A-B 16HBE cells were incubated with NO-sensing fluorescent probe, DAF-FM, which terminally reacts with NO and becomes fluorescent. Denatonium benzoate and FFA, but not sodium benzoate activated NO production that was blocked. By NO scavenger cPTIO. C NOS inhibitor, L-NAME, blocks denatonium-induced NO production. Negative control D-NAME had no effect. D Bar graph summarizing NO production after 5 min from 16HBE experiments as in A-C). E-F Cyclic guanosine monophosphate (cGMP) is produced when NO activates soluble guanylyl cyclase. Airway cells expressing cGMP biosensor, GENIe, increase cGMP, a downstream member of the NO pathway, in response to 500 μM flufenamic acid, 15 mM denatonium benzoate, or positive control 270 μM SNAP (NO donor). I NO production does not alter denatonium-induced Ca2+i signaling in Beas-2B or 16HBE cells pretreated with L-NAME (100 μM, 1hr). Traces are representative experiments from 3 experiments. Data points on bar graph represent mean ± SEM from 3 experiments; significance determined by 1-way ANOVA using Sidak’s posttest.

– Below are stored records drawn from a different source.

definition letter_inv :: "'v \<times> bool \<Rightarrow> 'v \<times> bool" where
  "letter_inv u = (fst u, \<not> snd u)"

definition cls :: "'v \<times> bool \<Rightarrow> int ^ 'v::finite" where
  "cls u = (if snd u then axis (fst u) 1 else - axis (fst u) 1)"

definition wedge :: "int ^ 'v::finite \<Rightarrow> int ^ 'v \<Rightarrow> int ^ 'v ^ 'v" where
  "wedge u v = (\<chi> x y. u $ x * v $ y - u $ y * v $ x)"

text \<open>Q = sum over i < g with bar(a_i^*) adjacent to bar(a_i) of [a_i] \<and> [a_i^*]
(the letters a_1..a_g are indexed by 0..g-1)\<close>
definition Qform :: "('v::finite \<Rightarrow> 'v \<Rightarrow> bool) \<Rightarrow> ('v \<times> bool \<Rightarrow> 'v \<times> bool)
    \<Rightarrow> (nat \<Rightarrow> 'v \<times> bool) \<Rightarrow> nat \<Rightarrow> int ^ 'v ^ 'v" where
  "Qform E star a g =
     (\<Sum>i\<in>{i. i < g \<and> E (fst (star (a i))) (fst (a i))}. wedge (cls (a i)) (cls (star (a i))))"

definition act2 :: "int ^ 'v ^ 'v \<Rightarrow> int ^ 'v ^ 'v \<Rightarrow> int ^ 'v::finite ^ 'v" where
  "act2 A M = A ** M ** transpose A"

definition supp2 :: "int ^ 'v ^ 'v \<Rightarrow> 'v::finite set" where
  "supp2 M = {x. \<exists>y. M $ x $ y \<noteq> 0}"

definition elemE :: "'v \<Rightarrow> 'v \<Rightarrow> int ^ 'v ^ 'v::finite" where
  "elemE a b = (\<chi> x y. (if x = y then 1 else 0) + (if x = a \<and> y = b then 1 else 0))"

definition elemE_inv :: "'v \<Rightarrow> 'v \<Rightarrow> int ^ 'v ^ 'v::finite" where
  "elemE_inv a b = (\<chi> x y. (if x = y then 1 else 0) - (if x = a \<and> y = b then 1 else 0))"

definition negN :: "'v \<Rightarrow> int ^ 'v ^ 'v::finite" where
  "negN b = (\<chi> x y. if x = y then (if x = b then -1 else 1) else 0)"

inductive_set genG :: "('v::finite \<Rightarrow> 'v \<Rightarrow> bool) \<Rightarrow> 'v set \<Rightarrow> (int ^ 'v ^ 'v) set"
  for E S where
  one: "mat 1 \<in> genG E S"
| E: "\<lbrakk>A \<in> genG E S; b \<in> S; dominates E a b; a \<noteq> b\<rbrakk> \<Longrightarrow> elemE a b ** A \<in> genG E S"
| Einv: "\<lbrakk>A \<in> genG E S; b \<in> S; dominates E a b; a \<noteq> b\<rbrakk> \<Longrightarrow> elemE_inv a b ** A \<in> genG E S"
| N: "\<lbrakk>A \<in> genG E S; b \<in> S\<rbrakk> \<Longrightarrow> negN b ** A \<in> genG E S"

inductive_set zspan :: "'v set \<Rightarrow> (int ^ 'v::finite) set" for S where
  zero: "0 \<in> zspan S"
| gen: "b \<in> S \<Longrightarrow> axis b 1 \<in> zspan S"
| add: "\<lbrakk>u \<in> zspan S; v \<in> zspan S\<rbrakk> \<Longrightarrow> u + v \<in> zspan S"
| neg: "u \<in> zspan S \<Longrightarrow> - u \<in> zspan S"

end

theory Submission
  imports Defs
begin

text \<open>View Q as the linear map \<open>w \<mapsto> Q w\<close> on H. Since |X| = 2g and the vertices of the
  a_i and a_i^* cover X, these 2g vertices are pairwise distinct, so for every pair occurring
  in Q we get Q [a_i^*] = [a_i] and Q [a_i] = -[a_i^*]; hence the image of Q is exactly H_Q.
  Every element of G is invertible, and an invertible A0 with A0 Q A0^T = Q maps the image of Q
  onto itself; membership in G is used for nothing else.\<close>

lemma sum_matrix_vector_mult:
  "(\<Sum>i\<in>I. M i) *v x = (\<Sum>i\<in>I. M i *v x)"
  by (induction I rule: infinite_finite_induct) (simp_all add: matrix_vector_mult_add_rdistrib)

lemma uminus_in_range_matrix_vector_mult:
  fixes M :: "'a::ring_1^'n^'m"
  assumes "x \<in> range ((*v) M)"
  shows "- x \<in> range ((*v) M)"
proof -
  obtain w where "x = M *v w" using assms by blast
  then have "- x = M *v (- w)" by (simp add: vec_eq_iff matrix_vector_mult_def sum_negf)
  then show ?thesis by blast
qed

lemma range_matrix_vector_mult_invariant_under_congruence:
  fixes A Q :: "'a::comm_semiring_1^'n^'n"
  assumes "invertible A" and fix_Q: "A ** Q ** transpose A = Q"
  shows "(*v) A ` range ((*v) Q) = range ((*v) Q)"
proof -
  obtain A' where "A' ** A = mat 1"
    using \<open>invertible A\<close> unfolding invertible_def by blast
  then have transpose_inverse: "transpose A ** transpose A' = mat 1"
    by (metis matrix_transpose_mul transpose_mat)
  have "A *v (Q *v w) = (A ** Q ** transpose A) *v (transpose A' *v w)" for w
    by (metis matrix_vector_mul_assoc transpose_inverse matrix_vector_mul_lid)
  then have into: "A *v (Q *v w) \<in> range ((*v) Q)" for w
    unfolding fix_Q by (rule range_eqI)
  have "Q *v w = A *v (Q *v (transpose A *v w))" for w
    by (metis fix_Q matrix_vector_mul_assoc)
  then have onto: "Q *v w \<in> (*v) A ` range ((*v) Q)" for w
    by (metis rangeI image_eqI)
  show ?thesis
    using into onto by blast
qed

T2R14 and T2R39 localize partially to the nucleus
Intrigued by strong Ca2+nuc responses and the partial nuclear staining of T2Rs above, we examined T2R localization in airway cells. GPCRs and associated proteins can localize to and function on the outer nuclear membrane or within internal nucleoplasmic reticulum membranes [32, 33]. A previous study reported an altered staining of T2R38 from cilia in normal tissue to nuclear localization in inflamed and de-ciliated CRS tissue [34], though antibody specificity was not verified nor were functional consequences reported. We hypothesized that certain T2Rs may localize to the nucleus or surrounding ER in the absence of proper trafficking to cilia.
Poor trafficking of T2Rs to the cell surface was reported in the context of potential requirement for β2 adrenergic receptors (β2ARs) to “chaperone” T2Rs [19]. However, most airway epithelial cells have robust β2AR expression; cAMP imaging with β2AR agonists in Beas-2Bs, 16HBEs, NCI-H292s, and A549s (Supplementary Fig. S13) suggests results here are not due to lack of β2ARs.

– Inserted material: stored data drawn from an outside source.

lemma exists_coords_flipped_by_add:
  assumes t: "\<And>i. t i \<in> {1, -1}" and k: "t k = - sgn (a k)" "a k \<noteq> 0"
  shows "\<exists>c\<in>Rvec n. \<forall>i. 1 \<le> i \<longrightarrow> i \<le> dimN n \<longrightarrow>
           sgn (c i) = t i \<and> sgn (c i + a i) = (t(k := - t k)) i"
proof
  define c where "c = (\<lambda>i. if 1 \<le> i \<and> i \<le> dimN n
    then (if i = k then t i * (\<bar>a k\<bar> / 2) else t i * (\<bar>a i\<bar> + 1)) else 0)"
  show "c \<in> Rvec n" unfolding c_def Rvec_def by auto
  show "\<forall>i. 1 \<le> i \<longrightarrow> i \<le> dimN n \<longrightarrow> sgn (c i) = t i \<and> sgn (c i + a i) = (t(k := - t k)) i"
  proof (intro allI impI conjI)
    fix i assume i: "1 \<le> i" "i \<le> dimN n"
    show "sgn (c i) = t i"
      using i k(2) t[of i] unfolding c_def by (auto simp: sgn_mult)
    show "sgn (c i + a i) = (t(k := - t k)) i"
    proof (cases "i = k")
      case True
      then have "c i + a i = a k / 2"
        using i k(1) unfolding c_def by (simp add: sgn_mult_abs)
      then show ?thesis using True k(1) by (simp add: sgn_if)
    next
      case False
      then have "c i = t i * (\<bar>a i\<bar> + 1)" using i unfolding c_def by simp
      then show ?thesis using False t[of i] by (auto simp: sgn_if)
    qed
  qed
qed

lemma exists_padded_bounded_not_add:
  assumes n: "n \<ge> 1" and k: "1 \<le> k" "k \<le> dimN n" and ak: "a k \<noteq> 0"
    and k1: "k = 1 \<Longrightarrow> a 1 > 0" and kN: "k = dimN n \<Longrightarrow> a (dimN n) < 0"
  shows "\<exists>c\<in>Rvec n. (\<exists>i\<in>{1..dimN n}. c i \<noteq> 0) \<and> padded_bounded n c \<and>
           \<not> padded_bounded n (\<lambda>i. c i + a i)"
proof -
  let ?N = "dimN n"
  define d where "d = - sgn (a k)"
  have d: "d \<in> {1, -1}" using ak unfolding d_def by (auto simp: sgn_if)
  obtain L\<^sub>1 where L\<^sub>1: "L\<^sub>1 \<le> k - 1" "L\<^sub>1 \<le> 2 * n - 1" "k + (2 * n - 1 - L\<^sub>1) \<le> ?N"
      "- ((-1) ^ L\<^sub>1) = d"
    using exists_split_with_parity[OF n k d] k1 kN unfolding d_def by auto
  define t where "t = two_block_pattern k L\<^sub>1 (2 * n - 1 - L\<^sub>1)"
  note pattern = two_block_pattern[OF k(1) L\<^sub>1(1,3), folded t_def]
  have t_sign: "t i \<in> {1, -1}" for i
    unfolding t_def by (rule two_block_pattern_sign)
  have t_nonzero: "t i \<noteq> 0" for i
    using t_sign[of i] by auto
  have flipped_nonzero: "(t(k := - t k)) i \<noteq> 0" for i
    using t_nonzero[of i] t_nonzero[of k] by simp
  have t: "t 0 = -1" "t (Suc ?N) = 1" "sign_changes_on t 0 (Suc ?N) = 2 * n - 1"
    using pattern(1,2,6) L\<^sub>1(2) n by simp_all
  have tk: "t (k - 1) = d" "t k = d" "t (Suc k) = d"
    using pattern(3-5) L\<^sub>1(4) by simp_all
  obtain c where c: "c \<in> Rvec n"
    and sgns: "\<forall>i. 1 \<le> i \<longrightarrow> i \<le> ?N \<longrightarrow> sgn (c i) = t i \<and> sgn (c i + a i) = (t(k := - t k)) i"
    using exists_coords_flipped_by_add[of t k a n] t_sign tk(2) ak unfolding d_def by blast
  have sgn_c: "sgn (c i) = t i" and sgn_ca: "sgn (c i + a i) = (t(k := - t k)) i"
    if "1 \<le> i" "i \<le> ?N" for i
    using sgns that by simp_all
  have "padded_bounded n c \<longleftrightarrow> sign_changes_on t 0 (Suc ?N) \<le> 2 * n - 1"
    using sgn_c t t_nonzero by (intro padded_bounded_iff_sign_pattern) auto
  then have bounded: "padded_bounded n c" using t(3) by simp
  have "padded_bounded n (\<lambda>i. c i + a i)
      \<longleftrightarrow> sign_changes_on (t(k := - t k)) 0 (Suc ?N) \<le> 2 * n - 1"
    using sgn_ca t flipped_nonzero k by (intro padded_bounded_iff_sign_pattern) auto
  moreover have "sign_changes_on (t(k := - t k)) 0 (Suc ?N) + 2 = sign_changes_on t 0 (Suc ?N) + 4"
    using sign_changes_on_flip[of 0 k "Suc ?N" t] k tk d by simp
  ultimately have unbounded: "\<not> padded_bounded n (\<lambda>i. c i + a i)"
    using t(3) n by simp
  have "c k \<noteq> 0" using sgn_c[OF k] t_nonzero[of k] by auto
  then have "(\<exists>i\<in>{1..?N}. c i \<noteq> 0) \<and> padded_bounded n c \<and> \<not> padded_bounded n (\<lambda>i. c i + a i)"
    using k bounded unbounded by auto
  then show ?thesis using c by (rule bexI[where x = c])
qed

definition lincomb :: "nat \<Rightarrow> (nat \<Rightarrow> nat \<Rightarrow> real) \<Rightarrow> (nat \<Rightarrow> real) \<Rightarrow> nat \<Rightarrow> real" where
  "lincomb n E c = (\<lambda>k. \<Sum>i=1..dimN n. c i * E i k)"

lemma lincomb_add: "lincomb n E (\<lambda>i. c i + d i) = (\<lambda>k. lincomb n E c k + lincomb n E d k)"
  unfolding lincomb_def by (simp add: sum.distrib distrib_right)

lemma lincomb_in_Rvec: "is_J_basis n E \<Longrightarrow> lincomb n E c \<in> Rvec n"
  unfolding Rvec_def lincomb_def is_J_basis_def by auto

lemma lincomb_stem_coords:
  assumes "n \<ge> 1"
  shows "lincomb n E (stem_coords n \<alpha> \<beta>) = (\<lambda>k. - \<alpha> * E 1 k + \<beta> * E (dimN n) k)"
proof
  fix k
  have N: "dimN n \<ge> 3" using dimN_ge_3[OF assms] .
  have "lincomb n E (stem_coords n \<alpha> \<beta>) k
      = (\<Sum>i=1..dimN n. (if i = 1 then - \<alpha> * E 1 k else 0) + (if i = dimN n then \<beta> * E (dimN n) k else 0))"
    unfolding lincomb_def by (rule sum.cong) (use N in \<open>auto simp: stem_coords_def\<close>)
  also have "\<dots> = - \<alpha> * E 1 k + \<beta> * E (dimN n) k"
    using N by (simp add: sum.distrib)
  finally show "lincomb n E (stem_coords n \<alpha> \<beta>) k = - \<alpha> * E 1 k + \<beta> * E (dimN n) k" .
qed

lemma Jform_lincomb: "Jform n v (lincomb n E c) = (\<Sum>l=1..dimN n. c l * Jform n v (E l))"
proof -
  have "Jform n v (lincomb n E c) = (\<Sum>i=1..dimN n. \<Sum>l=1..dimN n. c l * ((-1) ^ i * v i * E l (4 * n - i)))"
    unfolding Jform_def lincomb_def by (simp add: sum_distrib_left mult_ac)
  also have "\<dots> = (\<Sum>l=1..dimN n. c l * Jform n v (E l))"
    unfolding Jform_def by (subst sum.swap) (simp add: sum_distrib_left)
  finally show ?thesis .
qed

lemma Jform_basis_lincomb:
  assumes "is_J_basis n E" "1 \<le> j" "j \<le> dimN n"
  shows "Jform n (E j) (lincomb n E c) = (-1) ^ j * c (4 * n - j)"
proof -
  have "Jform n (E j) (lincomb n E c) = (\<Sum>l=1..dimN n. c l * Jmat n j l)"
    unfolding Jform_lincomb using assms unfolding is_J_basis_def by (intro sum.cong) auto
  also have "\<dots> = (\<Sum>l=1..dimN n. if l = 4 * n - j then c l * (-1) ^ j else 0)"
    unfolding Jmat_def by (intro sum.cong) auto
  also have "\<dots> = (-1) ^ j * c (4 * n - j)"
    using assms(2,3) unfolding dimN_def by (subst sum.delta) auto
  finally show ?thesis .
qed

Immunofluorescence in multiple cells showed nuclear staining for T2R14 (responds to FFA, DPD, and quinine) and T2R39 (responds to denatonium benzoate and quinine) (Fig. 4A-F, Supplementary Fig. S14). The antibody against T2R14 was previously validated [6]. To test if the T2R39 antibody was specific, CRISPR-Cas9 was used to create a frameshift in TAS2R39 in A549s. No T2R39 staining was observed in these knockout cells, supporting nuclear localization (Fig. 4B). We also saw nuclear staining with an antibody against α-gustducin (Figure 4A), though implications are unclear in light of Fig. 2E and previous studies suggesting epithelial T2R signaling is gustducin-independent [35].
A-D Fixed cultures of non-ciliated airway cells stained with antibodies targeting T2R14, T2R39, and Gustducin. CRISPR-cas9-induced scramble or T2R39 KO cell lines were stained for T2R39. E-F T2R38 and T1R2 are not localized to the nucleus in Calu-3 (lung adenocarcinoma) or ELE2 (hBMI immortalized primary bronchial epithelial cells) respectively. A-F scale bar is 10 µm. G Differentiated primary nasal epithelial cells contain T2R14 and T2R38 on cilia, not nuclei. All images are representative image from ≥3 independent experiments. Scale bar is 25 µm. H Fixed HEK cells expressing ectopic myc-tagged T2R14, T2R39, or T2R10 and co-expressing mCherry Lamin-A stained with anti-myc antibody, showing nuclear localization of T2R14 and T2R39. I Representative images showing GFP-T2R39 but not T2R39-GFP localizes to the nucleus in fixed HEK 239T cells. J Nuclei from HEK cells expressing GFP-T2R39 or T2R39-GFP. For all images, 1 representative image from ≥3 experiments were shown. For all images scale bars represent 10 µm.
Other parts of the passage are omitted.